Биологическое воздействие радиации на человеческое тело поначалу измеряли в бэрах (биологических эквивалентах рентгена), учитывая сложную комбинацию факторов: тип радиации, длительность облучения, сколько радиации проникло в тело и насколько облученные ткани уязвимы для радиации. Части тела, где клетки делятся быстро – костный мозг, кожа, желудочно-кишечный тракт, – больше подвержены рискам, чем сердце, печень и мозг. Некоторые радионуклиды, такие как радий и стронций, более интенсивно излучают радиацию и поэтому опаснее, чем, например, цезий или калий[126].
Выжившие в атомной бомбардировке жители Хиросимы и Нагасаки предоставили медикам первую возможность изучения острой лучевой болезни (ОЛБ) на большой выборке людей[127]. Все выжившие стали субъектами проекта, растянувшегося более чем на 70 лет и создавшего универсальную базу данных по долгосрочному воздействию ионизирующей радиации на человека. Из тех, кто пережил взрыв в Нагасаки, 35 000 человек умерли в ближайшие сутки; заболевшие ОЛБ потеряли волосы за одну-две недели, затем у них начался кровавый понос и они умерли от инфекции и лихорадки[128]. Еще 37 000 человек умерли в течение трех месяцев. Сравнимое число попавших под атомную бомбардировку прожило дольше, но спустя еще три года у них развилась лейкемия. К концу 1940-х годов эта болезнь станет первым видом рака, связанным с радиацией.
Воздействие ионизирующего излучения на неодушевленные предметы и на живых существ изучалось в конце 1950-х годов в ВВС США[129]. В рамках правительственной программы создания самолетов на атомной тяге компания Lockheed Aircraft построила 10-мегаваттный ядерный реактор с водяным охлаждением в подземной шахте в лесах Северной Джорджии. Нажатием кнопки реактор можно было поднять из защитного кожуха на уровень земли, подвергнув все в радиусе 300 м воздействию смертельной дозы радиации. В июне 1959 года этот реактор радиационного воздействия был выведен на полную мощность и впервые испытан, убив почти все живое в окрестностях объекта: насекомые падали в воздухе, мелкие животные и живущие на них и в них бактерии погибли (этот феномен назвали «моментальной таксидермией»). Воздействие на растения было различным: дубы пожухли, а трава-росичка странным образом не пострадала; больше всего досталось соснам. Изменения предметов, попавших в зону действия реактора, тоже казались загадочными: прозрачные бутылки с кока-колой стали коричневыми, приборы на транзисторах перестали работать, гидравлическая жидкость коагулировала до консистенции жевательной резинки, а резиновые шины стали твердыми как камень.

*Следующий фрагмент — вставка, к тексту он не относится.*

lemma division_algebra_if_bounded:
  assumes "skew_bounded \<sigma> \<delta> f"
  shows "Sf_division_algebra \<sigma> \<delta> f"
  unfolding Sf_division_algebra_def Sf_mult_def Sf_carrier_eq
proof (intro ballI impI conjI)
  fix a :: "'a poly" assume a: "a \<in> polys_below (degree f)" "a \<noteq> 0"
  show "bij_betw (\<lambda>x. rmod (x \<otimes> a)) (polys_below (degree f)) (polys_below (degree f))"
    using bij_betw_rmod_mult_right[OF a] .
  show "bij_betw (\<lambda>x. rmod (a \<otimes> x)) (polys_below (degree f)) (polys_below (degree f))"
    unfolding bij_betw_def
    using inj_on_rmod_mult_left[OF a] exists_rmod_mult_left_eq_if_bounded[OF assms a]
      rmod_mem_polys_below by blast
qed

end

theorem mainTheorem10:
  fixes \<sigma> \<delta> :: "'a::division_ring \<Rightarrow> 'a" and f :: "'a poly"
  assumes "ring_endo \<sigma>" and "left_sigma_derivation \<sigma> \<delta>"
    and "lead_coeff f = 1" and "degree f \<ge> 2"
    and "skew_irreducible \<sigma> \<delta> f"
  shows "(surj \<sigma> \<and> Sf_nuc_r \<sigma> \<delta> f = range (\<lambda>a. [:a:]) \<longrightarrow>
            skew_bounded \<sigma> \<delta> f \<and> Sf_division_algebra \<sigma> \<delta> f)
       \<and> (skew_bounded \<sigma> \<delta> f \<longrightarrow> Sf_division_algebra \<sigma> \<delta> f)"
proof -
  interpret skew_poly_irreducible \<sigma> \<delta> f
    using assms by unfold_locales auto
  have "skew_bounded \<sigma> \<delta> f" if "surj \<sigma>" and "Sf_nuc_r \<sigma> \<delta> f = range (\<lambda>a. [:a:])"
  proof (rule bounded_if_const_invariant[OF that(1)])
    fix d
    show "rmod (f \<otimes> [:d:]) = 0"
      using rmod_f_mult_const_eq_0_if_nucleus[OF assms(3,4)] that(2) by blast
  qed
  then show ?thesis using division_algebra_if_bounded by blast
qed

end
lemma KKT_point_if_minimizes_own_surrogate:
  fixes Mu :: "nat \<Rightarrow> real^'p" and T :: "nat \<Rightarrow> nat \<Rightarrow> real^'p"
  assumes "0 \<le> lam1" "0 \<le> lam2" "0 < tau" "feasible n Mu T"
    and min: "\<And>mu th. feasible n mu th \<Longrightarrow> S_surr n x lam1 lam2 tau T Mu T \<le> S_surr n x lam1 lam2 tau T mu th"
  shows "KKT_point n x lam1 lam2 tau Mu T"
proof -
  define g where "g i j = hinge_subgrad lam2 tau (T i j)" for i j
  define lin where "lin th = (\<Sum>(i, j)\<in>pairs n. g i j \<bullet> (th i j - T i j))" for th :: "nat \<Rightarrow> nat \<Rightarrow> real^'p"
  define f where "f v = S1 n x lam1 lam2 (fst v) (snd v) - lin (snd v)" for v :: "'p mu_theta"
  have "convex_on UNIV f"
    unfolding f_def lin_def using assms(1,2) by (rule convex_on_S1_minus_linear)
  moreover have "f (Mu, T) \<le> f (mu, th)" if "feasible n mu th" for mu th
  proof -
    have "f (Mu, T) = S_surr n x lam1 lam2 tau T Mu T + S2 n lam2 tau T"
      by (simp add: f_def lin_def S_surr_self S_obj_eq_S1_minus_S2)
    also have "\<dots> \<le> S_surr n x lam1 lam2 tau T mu th + S2 n lam2 tau T"
      using min[OF that] by simp
    also have "\<dots> \<le> f (mu, th)"
      using S_surr_le_S1_minus_linearization[OF assms(2,3), of n x lam1 T mu th]
      by (simp add: f_def lin_def g_def)
    finally show ?thesis .
  qed
  ultimately obtain y where y:
    "\<forall>mu th. f (Mu, T) \<le> f (mu, th) + (\<Sum>(i, j)\<in>pairs n. y i j \<bullet> (th i j - (mu i - mu j)))"
    using feasible_lagrange_multipliers[of f n Mu T] assms(4) by blast
  show ?thesis
    unfolding KKT_point_def
  proof (intro conjI exI allI)
    show "feasible n Mu T" by fact
    show "S2 n lam2 tau th \<ge> S2 n lam2 tau T + (\<Sum>(i, j)\<in>pairs n. g i j \<bullet> (th i j - T i j))" for th
      using S2_subgradient[OF assms(2,3)] by (simp add: g_def)
    show "S1 n x lam1 lam2 mu th - (\<Sum>(i, j)\<in>pairs n. g i j \<bullet> (th i j - T i j))
        + (\<Sum>(i, j)\<in>pairs n. y i j \<bullet> (th i j - (mu i - mu j))) \<ge> S1 n x lam1 lam2 Mu T" for mu th
      using y by (simp add: f_def lin_def)
  qed
qed

section \<open>Finite convergence of MDC-ADMM\<close>

definition fused_pairs :: "nat \<Rightarrow> real \<Rightarrow> (nat \<Rightarrow> nat \<Rightarrow> real^'p) \<Rightarrow> (nat \<times> nat) set" where
  "fused_pairs n tau th = {(i, j) \<in> pairs n. norm (th i j) < tau}"

lemma S_obj_le_S_surr:
  assumes "0 \<le> lam2"
  shows "S_obj n x lam1 lam2 tau mu th \<le> S_surr n x lam1 lam2 tau thhat mu th"
proof -
  have "(\<Sum>(i, j)\<in>pairs n. TLP (norm (th i j)) tau)
     \<le> (\<Sum>(i, j)\<in>pairs n. norm (th i j) * (if norm (thhat i j) < tau then 1 else 0)
          + tau * (if norm (thhat i j) \<ge> tau then 1 else 0))"
    by (intro sum_mono) (auto simp: TLP_def)
  then show ?thesis
    using mult_left_mono[OF _ assms]
    by (fastforce simp: S_obj_def S_surr_def split_def sum.distrib sum_distrib_left algebra_simps)
qed

lemma S_surr_cong:
  assumes "fused_pairs n tau thhat = fused_pairs n tau thhat'"
  shows "S_surr n x lam1 lam2 tau thhat mu th = S_surr n x lam1 lam2 tau thhat' mu th"
proof -
  have "norm (thhat i j) < tau \<longleftrightarrow> norm (thhat' i j) < tau" if "(i, j) \<in> pairs n" for i j
    using assms that unfolding fused_pairs_def set_eq_iff by blast
  then show ?thesis
    unfolding S_surr_def by (intro arg_cong2[where f = "(+)"] arg_cong2[where f = "(*)"] refl sum.cong)
      (auto simp: not_less [symmetric])
qed

lemma mdc_step_value_cong:
  assumes "mdc_step n x lam1 lam2 tau thhat mu th" "mdc_step n x lam1 lam2 tau thhat' mu' th'"
    and "fused_pairs n tau thhat = fused_pairs n tau thhat'"
  shows "S_surr n x lam1 lam2 tau thhat mu th = S_surr n x lam1 lam2 tau thhat' mu' th'"
  using assms S_surr_cong[OF assms(3)] unfolding mdc_step_def by (metis order_antisym)

lemma finite_range_determined_by:
  assumes "finite (range A)" and "\<And>m m'. A m = A m' \<Longrightarrow> V m = V m'"
  shows "finite (range V)"
proof -
  have "V m = V (inv A (A m))" for m
    by (rule assms(2)) (simp add: f_inv_into_f)
  then have "V m \<in> (\<lambda>a. V (inv A a)) ` range A" for m
    by (rule image_eqI) (rule rangeI)
  then have "range V \<subseteq> (\<lambda>a. V (inv A a)) ` range A"
    by blast
  then show ?thesis
    using assms(1) finite_subset by blast
qed

lemma decseq_finite_range_eventually_const:
  fixes V :: "nat \<Rightarrow> 'a::linorder"
  assumes "decseq V" "finite (range V)"
  shows "\<exists>M. \<forall>m\<ge>M. V m = V M"
proof -
  obtain M where M: "V M = Min (range V)"
    using Min_in[OF assms(2)] by auto
  have "V m = V M" if "M \<le> m" for m
    using decseqD[OF assms(1) that] Min_le[OF assms(2), of "V m"] M by simp
  then show ?thesis by blast
qed

lemma interlaced_eventually_const:
  fixes s V :: "nat \<Rightarrow> 'a::linorder"
  assumes "\<And>m. s (Suc m) \<le> V m" "\<And>m. V m \<le> s m" "finite (range V)"
  shows "\<exists>M. \<forall>m>M. s m = V M \<and> V m = V M"
proof -
  have "decseq V"
    using assms(1,2) by (intro decseq_SucI) (meson order_trans)
  then obtain M where M: "\<forall>m\<ge>M. V m = V M"
    using decseq_finite_range_eventually_const assms(3) by blast
  have "s m = V M \<and> V m = V M" if m: "M < m" for m
  proof -
    obtain k where k: "m = Suc k" "M \<le> k"
      using m by (cases m) simp_all
    have "V k = V M" "V m = V M"
      using M k(2) less_imp_le[OF m] by blast+
    then show ?thesis
      using assms(1)[of k] assms(2)[of m] unfolding k(1) by simp
  qed
  then show ?thesis by blast
qed

lemma mdc_iterate_feasible:
  assumes "feasible n (mu 0) (th 0)" "\<forall>m. mdc_step n x lam1 lam2 tau (th m) (mu (Suc m)) (th (Suc m))"
  shows "feasible n (mu m) (th m)"
  using assms by (cases m) (simp_all add: mdc_step_def)

lemma mdc_step_le_S_obj:
  assumes "mdc_step n x lam1 lam2 tau th mu' th'" "feasible n mu th"
  shows "S_surr n x lam1 lam2 tau th mu' th' \<le> S_obj n x lam1 lam2 tau mu th"
  using assms unfolding mdc_step_def S_surr_self [symmetric] by blast

lemma mdc_values_finite_range:
  assumes "\<forall>m. mdc_step n x lam1 lam2 tau (th m) (mu (Suc m)) (th (Suc m))"
  shows "finite (range (\<lambda>m. S_surr n x lam1 lam2 tau (th m) (mu (Suc m)) (th (Suc m))))"
proof (rule finite_range_determined_by)
  show "finite (range (\<lambda>m. fused_pairs n tau (th m)))"
    by (rule finite_subset[of _ "Pow (pairs n)"]) (auto simp: fused_pairs_def finite_pairs)
  show "S_surr n x lam1 lam2 tau (th m) (mu (Suc m)) (th (Suc m))
      = S_surr n x lam1 lam2 tau (th m') (mu (Suc m')) (th (Suc m'))"
    if "fused_pairs n tau (th m) = fused_pairs n tau (th m')" for m m'
    using assms that by (intro mdc_step_value_cong) simp_all
qed

lemma KKT_point_if_no_descent:
  assumes "0 \<le> lam1" "0 \<le> lam2" "0 < tau" "feasible n mu th" "mdc_step n x lam1 lam2 tau th mu' th'"
    and "S_obj n x lam1 lam2 tau mu th \<le> S_surr n x lam1 lam2 tau th mu' th'"
  shows "KKT_point n x lam1 lam2 tau mu th"
proof (rule KKT_point_if_minimizes_own_surrogate)
  show "S_surr n x lam1 lam2 tau th mu th \<le> S_surr n x lam1 lam2 tau th a b" if "feasible n a b" for a b
    using assms(5,6) that by (simp add: S_surr_self mdc_step_def order_trans)
qed (use assms in simp_all)

theorem theorem2p1:
  fixes n :: nat and x :: "nat \<Rightarrow> real^'p" and lam1 lam2 tau :: real
    and mu :: "nat \<Rightarrow> nat \<Rightarrow> real^'p" and th :: "nat \<Rightarrow> nat \<Rightarrow> nat \<Rightarrow> real^'p"
  assumes "lam1 > 0" and "lam2 > 0" and "tau > 0"
    and "\<forall>i<n. mu 0 i = x i"
    and "\<forall>(i, j)\<in>pairs n. th 0 i j = x i - x j"
    and "\<forall>m. mdc_step n x lam1 lam2 tau (th m) (mu (Suc m)) (th (Suc m))"
  shows "\<exists>ms. (\<forall>m\<ge>ms. S_obj n x lam1 lam2 tau (mu m) (th m)
                      = S_obj n x lam1 lam2 tau (mu ms) (th ms))
            \<and> KKT_point n x lam1 lam2 tau (mu ms) (th ms)"
proof -
  let ?S = "\<lambda>m. S_obj n x lam1 lam2 tau (mu m) (th m)"
  define V where "V m = S_surr n x lam1 lam2 tau (th m) (mu (Suc m)) (th (Suc m))" for m
  have "feasible n (mu 0) (th 0)"
    using assms(4,5) by (auto simp: feasible_def pairs_def)
  then have feasible: "feasible n (mu m) (th m)" for m
    using assms(6) by (rule mdc_iterate_feasible)
  have "?S (Suc m) \<le> V m" for m
    unfolding V_def using assms(2) by (intro S_obj_le_S_surr) simp
  moreover have "V m \<le> ?S m" for m
    unfolding V_def using assms(6) feasible by (intro mdc_step_le_S_obj) simp_all
  moreover have "finite (range V)"
    unfolding V_def using assms(6) by (rule mdc_values_finite_range)
  ultimately obtain M where M: "\<forall>m>M. ?S m = V M \<and> V m = V M"
    using interlaced_eventually_const[of ?S V] by blast
  then have "?S (Suc M) \<le> V (Suc M)"
    by simp
  then have "KKT_point n x lam1 lam2 tau (mu (Suc M)) (th (Suc M))"
    unfolding V_def using assms(1-3,6) feasible
    by (intro KKT_point_if_no_descent[where mu' = "mu (Suc (Suc M))" and th' = "th (Suc (Suc M))"]) simp_all
  with M show ?thesis
    by (intro exI[of _ "Suc M"]) auto
qed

При этом, каким бы интенсивным ни было облучение человека ионизирующей радиацией, оно редко сопровождалось заметными ощущениями. Человек может купаться в гамма-лучах, способных убить его 100 раз, и ничего не ощущать при этом.
21 августа 1945 года, за две недели до того, как атомная бомба была сброшена США на Хиросиму, Гарри Даглян-младший, 24-летний физик, участвовавший в ядерном Манхэттенском проекте, проводил эксперимент на базе в Лос-Аламосе в штате Нью-Мексико[130]. Внезапно рука его дрогнула, и конструкция, которую он составил, – шар из плутония, окруженный брусками карбида вольфрама, – перешла в критическую фазу. Даглян увидел моментальную синюю вспышку и был поражен волной гамма-лучей и нейтронной радиации свыше 500 бэр. Он быстро разобрал установку и сразу обратился к врачам[131]. Те не отметили никаких видимых симптомов, но радиация убила ученого с той же неотвратимостью, как если бы он шагнул под поезд. Двадцать пять дней спустя Даглян впал в кому и уже из нее не вышел – первый человек в истории, случайно погибший от близкого воздействия реакции ядерного распада. Газета The New York Times назвала причиной смерти ожоги, полученные в результате «аварии на производстве»[132].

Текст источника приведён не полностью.